Who owns your invention? Who owns your employee’s invention? Invention ownership disputes occur all too frequently. However, invention ownership disputes are easily avoidable with the proper foresight and knowledge.

Our legal system presumes that the inventor is the owner of the exclusive rights in his or her invention. How then, does someone other than the inventor obtain the rights to the inventor’s invention? The answer to that question is by an assignment. The assignment can be an express assignment, which is typically a written document evidencing a contract between the inventor and the assignee in which the inventor sells the rights to the invention to the assignee. However, that type of assignment is not what leads to ownership disputes. Ownership disputes occur when there is no express assignment and both the inventor and his or her employer think that they own the invention. This is because the presumption that the inventor owns the invention is incorrect in certain situations, even without an express assignment.

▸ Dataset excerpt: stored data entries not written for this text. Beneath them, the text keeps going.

lemma round_loss_le:
  assumes inv: "sej_inv s"
  shows "sej_inv (next_state s)
    \<and> pHigh mu m_star - prob_act1 mu alpha q (sej_played s)
        \<le> pHigh mu (sej_played s) * (sej_potential s - sej_potential (next_state s))
          + (1 - mu) / real T"
proof -
  define m p where "m = sej_played s" and "p = pHigh mu m"
  have m: "0 \<le> m" "m \<le> 1"
    using sej_played_bounds[OF inv] by (simp_all add: m_def)
  then have p: "mu \<le> p" "p \<le> 1"
    using pHigh_bounds by (simp_all add: p_def)
  have slack: "0 \<le> (1 - mu) / real T"
    using mu_less_1 by simp
  show ?thesis
  proof (cases "st_mode s")
    case Explore
    then have m_eq: "m = st_m s"
      by (simp add: m_def sej_played_def)
    show ?thesis
    proof (cases "m \<le> m_star")
      case True
      have "pHigh mu m_star - prob_act1 mu alpha q m = (1 - mu) * (m_star - m)"
        using m True by (simp add: prob_act1_eq pHigh_def algebra_simps)
      also have "\<dots> \<le> p * gap_weight * (m_star - m)"
        using gap_weight_compensates[OF p(1)] True by (intro mult_right_mono) auto
      also have "\<dots> \<le> p * (sej_potential s - sej_potential (next_state s))"
        using explore_accept_step[OF inv Explore] True p mu_pos
        by (simp add: m_eq mult.assoc mult_left_mono)
      finally show ?thesis
        using explore_accept_step[OF inv Explore] True slack
        by (simp add: m_eq p_def m_def[symmetric])
    next
      case False
      have "pHigh mu m_star - prob_act1 mu alpha q m = pHigh mu m_star"
        using m False by (simp add: prob_act1_eq)
      also have "\<dots> \<le> p"
        using False mu_less_1 by (simp add: p_def pHigh_def)
      also have "\<dots> \<le> p * (sej_potential s - sej_potential (next_state s))"
        using explore_reject_step[OF inv Explore] False p mu_pos
        by (simp add: m_eq mult_le_cancel_left1)
      finally show ?thesis
        using explore_reject_step[OF inv Explore] False slack
        by (simp add: m_eq p_def m_def[symmetric])
    qed
  next
    case Exploit
    then have "next_state s = s" "m = st_a s"
      by (simp_all add: sej_next_high_def m_def sej_played_def)
    moreover have "(1 - mu) * (m_star - st_a s) \<le> (1 - mu) * (1 / real T)"
      using inv Exploit mu_less_1 by (intro mult_left_mono) (auto simp: sej_inv_def)
    ultimately show ?thesis
      using inv Exploit m by (auto simp: prob_act1_eq pHigh_def sej_inv_def m_def algebra_simps)
  qed
qed

lemma regret_to_go_le:
  "sej_inv s \<Longrightarrow> real n * pHigh mu m_star - sej_value mu alpha q T n s
                    \<le> sej_potential s + real n * ((1 - mu) / real T)"
proof (induction n arbitrary: s)
  case 0
  then show ?case
    using sej_potential_nonneg by simp
next
  case (Suc n)
  define m p where "m = sej_played s" and "p = pHigh mu m"
  define loss where "loss n s = real n * pHigh mu m_star - sej_value mu alpha q T n s" for n s
  have step: "sej_inv (next_state s)"
    "pHigh mu m_star - prob_act1 mu alpha q m
       \<le> p * (sej_potential s - sej_potential (next_state s)) + (1 - mu) / real T"
    using round_loss_le[OF Suc.prems] by (simp_all add: m_def p_def)
  have "0 \<le> p" "p \<le> 1"
    using pHigh_bounds sej_played_bounds[OF Suc.prems] mu_pos by (fastforce simp: p_def m_def)+
  have "loss (Suc n) s = (pHigh mu m_star - prob_act1 mu alpha q m)
                          + p * loss n (next_state s) + (1 - p) * loss n s"
    by (simp add: loss_def m_def p_def Let_def algebra_simps)
  also have "\<dots> \<le> (p * (sej_potential s - sej_potential (next_state s)) + (1 - mu) / real T)
      + p * (sej_potential (next_state s) + real n * ((1 - mu) / real T))
      + (1 - p) * (sej_potential s + real n * ((1 - mu) / real T))"
    using step Suc.IH Suc.prems \<open>0 \<le> p\<close> \<open>p \<le> 1\<close>
    by (intro add_mono mult_left_mono) (auto simp: loss_def)
  also have "\<dots> = sej_potential s + real (Suc n) * ((1 - mu) / real T)"
    by (simp add: algebra_simps add_divide_distrib[symmetric] diff_divide_distrib[symmetric])
  finally show ?case
    by (simp add: loss_def)
qed

lemma sej_inv_init: "sej_inv (sej_init T)"
  using T_ge_2 mstar_nonneg mstar_le_1 phase_budget_nonneg accuracy_0
  by (auto simp: sej_init_def sej_outer_def sej_inv_def intro!: exI[of _ 0])

lemma sej_potential_init:
  "sej_potential (sej_init T) \<le> (gap_weight + 1) * (2 + phase_budget) - 1"
proof -
  have "walk_cost m_star (1/2) = m_star * (m_star + 1/2) + 1/16"
    using mstar_nonneg by (simp add: walk_cost_def)
  also have "\<dots> \<le> 2"
    using mstar_nonneg mstar_le_1 mult_mono[of m_star 1 "m_star + 1/2" "3/2"] by simp
  finally have "gap_weight * walk_cost m_star (1/2) \<le> gap_weight * 2"
    using gap_weight_nonneg by (simp add: mult_left_mono)
  then show ?thesis
    using T_ge_2 log_log_inverse_accuracy[of 0]
    by (simp add: sej_init_def sej_outer_def sej_potential_def accuracy_0 algebra_simps)
qed

theorem sej_regret_le:
  "sej_regret mu alpha q T
     \<le> ((1 - mu) / mu + 1) * (2 + real_of_int \<lceil>log 2 (log 2 (real T))\<rceil>) + 1"
proof -
  have "sej_regret mu alpha q T \<le> sej_potential (sej_init T) + (1 - mu)"
    using regret_to_go_le[OF sej_inv_init, of T] T_ge_2
    by (simp add: sej_regret_def Vstar_def pHigh_def)
  also have "\<dots> \<le> (gap_weight + 1) * (2 + phase_budget) + 1"
    using sej_potential_init mu_pos by linarith
  finally show ?thesis
    by (simp add: gap_weight_def phase_budget_def)
qed

end

theorem propositionF1:
  fixes mu alpha q :: real and T :: nat
  assumes "0 < mu" "mu < q" "q < 1"
    and "0 < alpha" "alpha \<le> 1"
    and "alpha \<ge> (q - mu) / (1 - mu)"
    and "T \<ge> 4"
  shows "sej_regret mu alpha q T
           \<le> ((1 - mu) / mu + 1) * (2 + real_of_int \<lceil>log 2 (log 2 (real T))\<rceil>) + 1"
proof -
  interpret sej_analysis mu alpha q T
    using assms by unfold_locales auto
  show ?thesis
    by (rule sej_regret_le)
qed

end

An employer of one who is “hired to invent” owns the rights to the inventor’s inventions. The Supreme Court came to that conclusion in the Standard Parts Co. v. Peck case in 1924. However, that is the extreme case, since the vast majority of employees are not employed to invent. What about an employee employed to design or construct, such as an engineer? An employee employed in a field of endeavor in order to design or construct is not equivalent to an employee employed for the purpose of invention. That was the conclusion reached by the Supreme Court in U.S. v. Dubilier Condenser Corp. in 1933. However, that conclusion leaves open the question of who owns the invention made by the engineer. The outcome in each ownership case depends on the relationship between the employee, the employer, and the circumstances of the invention.

Even if it turns out that the employee owns his or her invention, if the employee used the employer’s materials or equipment during working hours to make the invention, the law grants the employer a nonexclusive license to the invention. That has been the law ever since the Supreme Court Lane & Bodley Co. v. Locke case in 1893.

It should be apparent that the best way to avoid an ownership dispute is to reduce to a written contract between the employee and the employer who owns the rights to any inventions made by the employee, and that agreement should be defined as early as possible in the employee employer relationship.